"O analfabeto político"
Atribui-se a Bertolt Brecht, renomado dramaturgo, poeta e romancista alemão (1898-1956), o aclamado poema ─ e muitas vezes também ignorado ─ “O analfabeto político”. Brecht viveu o efervescente período político e social que incluiu as duas guerras mundiais e a Revolução Russa, quando se confrontavam convicções monarquistas, republicanas, fascistas, nazistas, capitalistas, socialistas e comunistas. O poeta disse de si mesmo: “Sempre fui politizado, pois só podemos mudar a realidade quando somos instruídos por ela”.
Talvez o poema esteja tantas vezes ausente dos livros do poeta pela agudeza das palavras, que, sem dúvida, são duras recriminadoras do pecado que todos nós costumamos cometer, pelo menos em alguns momentos da vida: o pecado do alheamento e da omissão. Quem não conhece o poema deve procurar conhecê-lo, ele é facilmente encontrável na web. Um trecho, que não é o mais pungente e cruel, diz:
“Não sabe o imbecil [o analfabeto político] que da sua ignorância política
nasce a prostituta, o menor abandonado
e o pior de todos os bandidos,
que é o político vigarista, pilantra,
corrupto e lacaio das empresas
nacionais e multinacionais.”
Por suas convicções e seus contundentes escritos, Brecht foi obrigado a ter uma vida de refugiado político: Alemanha, Dinamarca, Suécia, EUA, Suíça e de volta à Alemanha, após o final da Segunda Guerra Mundial e do regime nazista. Sua peregrinação pelos países que lhe concediam asilo parece traduzir o conhecido aforismo: “A mentira desgasta relacionamentos; a verdade não, a verdade devasta”.

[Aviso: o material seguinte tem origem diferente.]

lemma r_reg_mono:
  assumes "0 \<le> kd2" "0 \<le> c6" "0 \<le> 1 + \<Delta>" "1 \<le> R" "R \<le> R'"
  shows "r_reg TYPE('d) kd2 c6 \<Delta> R \<le> r_reg TYPE('d) kd2 c6 \<Delta> R'"
proof -
  have "(ln R) powr (1 + \<Delta>) \<le> (ln R') powr (1 + \<Delta>)"
    using assms by (intro powr_mono2) auto
  then have "min kd2 c6 / (2 * real CARD('d)) * (ln R) powr (1 + \<Delta>)
               \<le> min kd2 c6 / (2 * real CARD('d)) * (ln R') powr (1 + \<Delta>)"
    using assms by (intro mult_left_mono) auto
  then show ?thesis
    by (simp only: r_reg_def exp_le_cancel_iff)
qed

lemma r_reg_power_card_le:
  shows "r_reg TYPE('d::finite) kd2 c6 \<Delta> R ^ CARD('d) \<le> exp (c6 / 2 * (ln R) powr (1 + \<Delta>))"
proof -
  have "r_reg TYPE('d) kd2 c6 \<Delta> R ^ CARD('d) = exp (min kd2 c6 / 2 * (ln R) powr (1 + \<Delta>))"
    by (simp add: r_reg_def flip: exp_of_nat_mult)
  also have "\<dots> \<le> exp (c6 / 2 * (ln R) powr (1 + \<Delta>))"
    by (simp add: mult_right_mono)
  finally show ?thesis .
qed

definition exceed_in_ball :: "'a measure \<Rightarrow> (int ^ 'd \<Rightarrow> 'a \<Rightarrow> ereal) \<Rightarrow> real \<Rightarrow> real \<Rightarrow> 'a set" where
  "exceed_in_ball P T \<rho> s = {\<omega> \<in> space P. \<exists>x \<in> supball0 \<rho>. ereal s \<le> T x \<omega>}"

lemma exceed_in_ball_UN:
  "exceed_in_ball P T \<rho> s = (\<Union>x \<in> supball0 \<rho>. {\<omega> \<in> space P. ereal s \<le> T x \<omega>})"
  by (auto simp: exceed_in_ball_def)

lemma sets_exceed_in_ball:
  assumes "\<And>z. T z \<in> borel_measurable P"
  shows "exceed_in_ball P T \<rho> s \<in> sets P"
  unfolding exceed_in_ball_UN using assms
  by (intro sets.finite_UN finite_supball0) measurable

lemma measure_exceed_in_ball_le:
  fixes T :: "int ^ 'd::finite \<Rightarrow> 'a \<Rightarrow> ereal"
  assumes "\<And>z. T z \<in> borel_measurable P"
    and tail: "\<And>z. measure P {\<omega> \<in> space P. ereal s \<le> T z \<omega>} \<le> b"
    and "0 \<le> \<rho>"
  shows "measure P (exceed_in_ball P T \<rho> s) \<le> (2 * \<rho> + 1) ^ CARD('d) * b"
proof -
  have "0 \<le> b"
    using measure_nonneg tail[of 0] by (rule order_trans)
  have "measure P (exceed_in_ball P T \<rho> s)
          \<le> (\<Sum>x \<in> supball0 \<rho>. measure P {\<omega> \<in> space P. ereal s \<le> T x \<omega>})"
    unfolding exceed_in_ball_UN using assms(1)
    by (intro measure_UNION_le finite_supball0) measurable
  also have "\<dots> \<le> real (card (supball0 \<rho> :: (int ^ 'd) set)) * b"
    by (intro sum_bounded_above tail)
  also have "\<dots> \<le> (2 * \<rho> + 1) ^ CARD('d) * b"
    using \<open>0 \<le> b\<close> \<open>0 \<le> \<rho>\<close> by (intro mult_right_mono card_supball0_le)
  finally show ?thesis .
qed

(* The events {R_hk >= n} need not be measurable, so their probabilities are bounded through
   measurable supersets. *)
definition outer_measure_le :: "'a measure \<Rightarrow> 'a set \<Rightarrow> real \<Rightarrow> bool" where
  "outer_measure_le M E b \<longleftrightarrow> (\<exists>A \<in> sets M. E \<subseteq> A \<and> measure M A \<le> b)"

lemma outer_measure_le_mono:
  "outer_measure_le M E' b \<Longrightarrow> E \<subseteq> E' \<Longrightarrow> b \<le> b' \<Longrightarrow> outer_measure_le M E b'"
  unfolding outer_measure_le_def by (meson order_trans)

lemma (in prob_space) outer_measure_le_one:
  "E \<subseteq> space M \<Longrightarrow> 1 \<le> b \<Longrightarrow> outer_measure_le M E b"
  unfolding outer_measure_le_def by (intro bexI[of _ "space M"]) (auto simp: prob_space)

lemma (in prob_space) outer_measure_le_all_if_eventually:
  assumes "eventually (\<lambda>n. outer_measure_le M (E n) (C * exp (- c * (ln (real n)) powr p))) sequentially"
    and "\<And>n. E n \<subseteq> space M" "0 < C" "0 \<le> c" "0 \<le> p"
  shows "\<exists>C' > 0. \<forall>n \<ge> 1. outer_measure_le M (E n) (C' * exp (- c * (ln (real n)) powr p))"
proof -
  obtain N where N: "\<And>n. N \<le> n \<Longrightarrow> outer_measure_le M (E n) (C * exp (- c * (ln (real n)) powr p))"
    using assms(1) by (auto simp: eventually_sequentially)
  define C' where "C' = max C (exp (c * (ln (real N)) powr p))"
  have "outer_measure_le M (E n) (C' * exp (- c * (ln (real n)) powr p))" if "1 \<le> n" for n
  proof (cases "N \<le> n")
    case True
    then show ?thesis
      by (rule outer_measure_le_mono[OF N]) (auto simp: C'_def intro: mult_right_mono)
  next
    case False
    then have "(ln (real n)) powr p \<le> (ln (real N)) powr p"
      using that \<open>0 \<le> p\<close> by (intro powr_mono2) auto
    then have "1 \<le> exp (c * (ln (real N)) powr p) * exp (- c * (ln (real n)) powr p)"
      using \<open>0 \<le> c\<close> by (simp add: mult_left_mono flip: exp_add)
    also have "\<dots> \<le> C' * exp (- c * (ln (real n)) powr p)"
      by (intro mult_right_mono) (auto simp: C'_def)
    finally show ?thesis
      using assms(2) by (rule outer_measure_le_one[rotated])
  qed
  moreover have "0 < C'"
    using \<open>0 < C\<close> by (simp add: C'_def)
  ultimately show ?thesis
    by blast
qed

Atualmente, no século XXI, estamos vivendo outro momento de efervescência política e social, agora com recrudescidas sequelas bélicas e ambientais globais, que muitos entendem que podem pôr em risco a própria sobrevivência da civilização atual. Neonazismo, neofacismo, extremados autoritarismos e fundamentalismos, crescente violência, terrorismo, racismo, xenofobia e intolerâncias de toda ordem, a par de crises econômicas, ambientais e políticas, indicam que a humanidade encontra-se num drástico momento de falência dos arranjos vigentes. Anúncio de uma necessária transição para um novo arranjo civilizatório, que seja capaz de superar a crônica incapacidade de empatia e de diálogo, que resulta nas imensas desigualdades sociais. É hora de encarar e corrigir a desumana realidade de injustiças que vivemos, e não dela se alienar, fazendo de conta que ela não existe.

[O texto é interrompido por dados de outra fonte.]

lemma divide_max_mult_cancel:
  fixes a p s t :: real
  assumes "0 < t"
  shows "(a * t) / max (p * t) (s * t) = a / max p s"
proof -
  have "max (p * t) (s * t) = max p s * t"
    using assms by (simp add: max_mult_distrib_right)
  then show ?thesis
    using assms by simp
qed

lemma divide_max_power:
  fixes a p s :: real
  assumes "0 \<le> p" "0 \<le> s"
  shows "a ^ n / max (p ^ n) (s ^ n) = (a / max p s) ^ n"
proof -
  have "max (p ^ n) (s ^ n) = max p s ^ n"
  proof (cases "p \<le> s")
    case True
    then show ?thesis
      using assms power_mono[OF True, of n] by (simp add: max_def)
  next
    case False
    then have "s \<le> p" by simp
    then show ?thesis
      using assms power_mono[OF \<open>s \<le> p\<close>, of n] by (simp add: max_def)
  qed
  then show ?thesis by (simp add: power_divide)
qed

theorem theorem4:
  shows "(\<forall>n1 n2 \<rho>1 \<sigma>1 \<rho>2 \<sigma>2.
            density_matrix n1 \<rho>1 \<longrightarrow> density_matrix n1 \<sigma>1 \<longrightarrow>
            density_matrix n2 \<rho>2 \<longrightarrow> density_matrix n2 \<sigma>2 \<longrightarrow>
            F2 (kron \<rho>1 \<rho>2) (kron \<sigma>1 \<sigma>2) \<ge> F2 \<rho>1 \<sigma>1 * F2 \<rho>2 \<sigma>2)
       \<and> (\<forall>n1 n2 \<rho> \<sigma> \<tau>.
            density_matrix n1 \<rho> \<longrightarrow> density_matrix n1 \<sigma> \<longrightarrow> density_matrix n2 \<tau> \<longrightarrow>
            F2 (kron \<rho> \<tau>) (kron \<sigma> \<tau>) = F2 \<rho> \<sigma>)
       \<and> (\<forall>d \<rho> \<sigma> (n::nat).
            density_matrix d \<rho> \<longrightarrow> density_matrix d \<sigma> \<longrightarrow> n \<ge> 1 \<longrightarrow>
            F2 (tpow \<rho> n) (tpow \<sigma> n) = F2 \<rho> \<sigma> ^ n)"
proof (intro conjI allI impI)
  fix n1 n2 \<rho>1 \<sigma>1 \<rho>2 \<sigma>2
  assume D: "density_matrix n1 \<rho>1" "density_matrix n1 \<sigma>1" "density_matrix n2 \<rho>2" "density_matrix n2 \<sigma>2"
  show "F2 \<rho>1 \<sigma>1 * F2 \<rho>2 \<sigma>2 \<le> F2 (kron \<rho>1 \<rho>2) (kron \<sigma>1 \<sigma>2)"
    unfolding F2_kron[OF D[THEN density_matrix_psd]] unfolding F2_def
    using D by (intro mult_divide_max_le Re_mtrace_mult_density_nonneg Re_mtrace_square_pos)
next
  fix n1 n2 \<rho> \<sigma> \<tau>
  assume D: "density_matrix n1 \<rho>" "density_matrix n1 \<sigma>" "density_matrix n2 \<tau>"
  show "F2 (kron \<rho> \<tau>) (kron \<sigma> \<tau>) = F2 \<rho> \<sigma>"
    unfolding F2_kron[OF D(1,2,3,3)[THEN density_matrix_psd]] unfolding F2_def
    using D(3) by (intro divide_max_mult_cancel Re_mtrace_square_pos)
next
  fix d \<rho> \<sigma> and n :: nat
  assume D: "density_matrix d \<rho>" "density_matrix d \<sigma>"
  show "F2 (tpow \<rho> n) (tpow \<sigma> n) = F2 \<rho> \<sigma> ^ n"
    unfolding F2_tpow[OF D[THEN density_matrix_psd]] unfolding F2_def
    using D by (intro divide_max_power Re_mtrace_mult_density_nonneg)
qed

end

Mouzar Benedito, amigo jornalista e escritor que ama o Brasil e sua diversidade cultural, definiu a si mesmo numa frase: “Nunca acreditei em jornalismo imparcial; temos lado, sempre. Quem se omite é do lado dos opressores.” Melhor assumir o lado, e debater o bom debate, que omitir-se, e assim personificar o analfabeto político.

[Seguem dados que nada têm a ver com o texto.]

text \<open>If every vector of a totally singular \<open>U\<close> orthogonal to \<open>W\<close> lies in \<open>W\<close>, then
  \<open>u \<mapsto> (u + r u, B u |\<^sub>W)\<close>, with \<open>r u \<in> U\<close> chosen with the same restriction \<open>B (r u) |\<^sub>W\<close>,
  injects \<open>U\<close> into \<open>(U \<inter> W) \<times> {functionals on W vanishing on U \<inter> W}\<close>, a set of size at most \<open>|W|\<close>.\<close>

lemma card_le_if_orthogonal_in_W:
  assumes U: "lin_subspace n U" "U - {0} \<subseteq> Qd"
    and orth: "\<And>u. u \<in> U \<Longrightarrow> \<forall>w\<in>W. B u w = 0 \<Longrightarrow> u \<in> W"
  shows "card U \<le> card W"
proof -
  interpret U: totally_singular_subspace n a U
    using U by unfold_locales
  define T where "T = U \<inter> W"
  have T: "lin_subspace n T"
    unfolding T_def using lin_subspaceD[OF U(1)] lin_subspaceD[OF lin_subspace]
    by (intro lin_subspaceI) auto
  define \<phi> where "\<phi> u = (\<lambda>w. if w \<in> W then B u w else 0)" for u
  have \<phi>: "\<phi> u \<in> functionals_vanishing W T" if "u \<in> U" for u
    using that add_in_W U.polar_W
    by (intro functionals_vanishingI) (auto simp: \<phi>_def polar_add_right T_def)
  define r where "r f = (SOME v. v \<in> U \<and> \<phi> v = f)" for f
  have r: "r (\<phi> u) \<in> U" "\<phi> (r (\<phi> u)) = \<phi> u" if "u \<in> U" for u
    using someI[of "\<lambda>v. v \<in> U \<and> \<phi> v = \<phi> u" u] that by (auto simp: r_def)
  define h where "h u = (u + r (\<phi> u), \<phi> u)" for u
  have "inj_on h U"
    by (rule inj_onI) (auto simp: h_def)
  moreover have "h ` U \<subseteq> T \<times> functionals_vanishing W T"
  proof
    fix p assume "p \<in> h ` U"
    then obtain u where u: "u \<in> U" "p = h u" by blast
    have "B (u + r (\<phi> u)) w = 0" if "w \<in> W" for w
      using that fun_cong[OF r(2)[OF u(1)], of w] by (simp add: \<phi>_def polar_add_left)
    then have "u + r (\<phi> u) \<in> T"
      using orth U.add_in_W[OF u(1) r(1)[OF u(1)]] by (simp add: T_def)
    then show "p \<in> T \<times> functionals_vanishing W T"
      using u \<phi> by (simp add: h_def)
  qed
  moreover have "finite (T \<times> functionals_vanishing W T)"
    using finite_lin_subspace[OF T] finite_functionals_vanishing[OF finite_W] by blast
  ultimately have "card U \<le> card (T \<times> functionals_vanishing W T)"
    by (rule card_inj_on_le)
  also have "\<dots> \<le> card W"
    using card_functionals_vanishing[OF lin_subspace T] by (simp add: T_def card_cartesian_product mult.commute)
  finally show ?thesis .
qed

lemma X_nonempty:
  assumes U: "lin_subspace n U" "U - {0} \<subseteq> Qd" and card_U: "card W < card U"
  shows "X \<noteq> {}"
proof
  assume "X = {}"
  have "u \<in> W" if "u \<in> U" "\<forall>w\<in>W. B u w = 0" for u
  proof (rule ccontr)
    assume "u \<notin> W"
    then have "u \<in> X"
      using that U(2) zero_in_W by (auto simp: mem_X_iff)
    with \<open>X = {}\<close> show False
      by simp
  qed
  then show False
    using card_le_if_orthogonal_in_W[OF U] card_U by simp
qed

end

section \<open>Twinned vertices\<close>

definition twinned :: "'v set \<Rightarrow> ('v \<Rightarrow> 'v \<Rightarrow> bool) \<Rightarrow> 'v \<Rightarrow> bool"
  where "twinned V E v \<longleftrightarrow> (\<forall>u\<in>V. E v u \<longrightarrow> (\<exists>w\<in>V. E v w \<and> E u w \<and>
      (\<forall>p\<in>V. E v p \<and> p \<noteq> u \<and> p \<noteq> w \<longrightarrow> (E u p \<longleftrightarrow> E w p))))"

lemma twinned_iso:
  assumes f: "bij_betw f V1 V2" and E: "\<And>x y. x \<in> V1 \<Longrightarrow> y \<in> V1 \<Longrightarrow> E1 x y \<longleftrightarrow> E2 (f x) (f y)"
    and v: "v \<in> V1"
  shows "twinned V1 E1 v \<longleftrightarrow> twinned V2 E2 (f v)"
proof -
  have V2: "V2 = f ` V1"
    using f by (simp add: bij_betw_def)
  have inj: "x \<in> V1 \<Longrightarrow> y \<in> V1 \<Longrightarrow> f x = f y \<longleftrightarrow> x = y" for x y
    using f by (auto simp: bij_betw_def inj_on_def)
  show ?thesis
    unfolding twinned_def V2 using v by (simp add: E[symmetric] inj)
qed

Só o exercício do bom debate, ainda que no início nossas arraigadas paixões obnubilem nossa razão e compreensão, há de nos ensinar a enxergar os caminhos para que a humanidade enfim ultrapasse a era dos egocêntricos instintos animais e alcance a idade da solidariedade e da harmonia. O salto que já estamos preparados para dar, mas que ainda tanto titubeamos.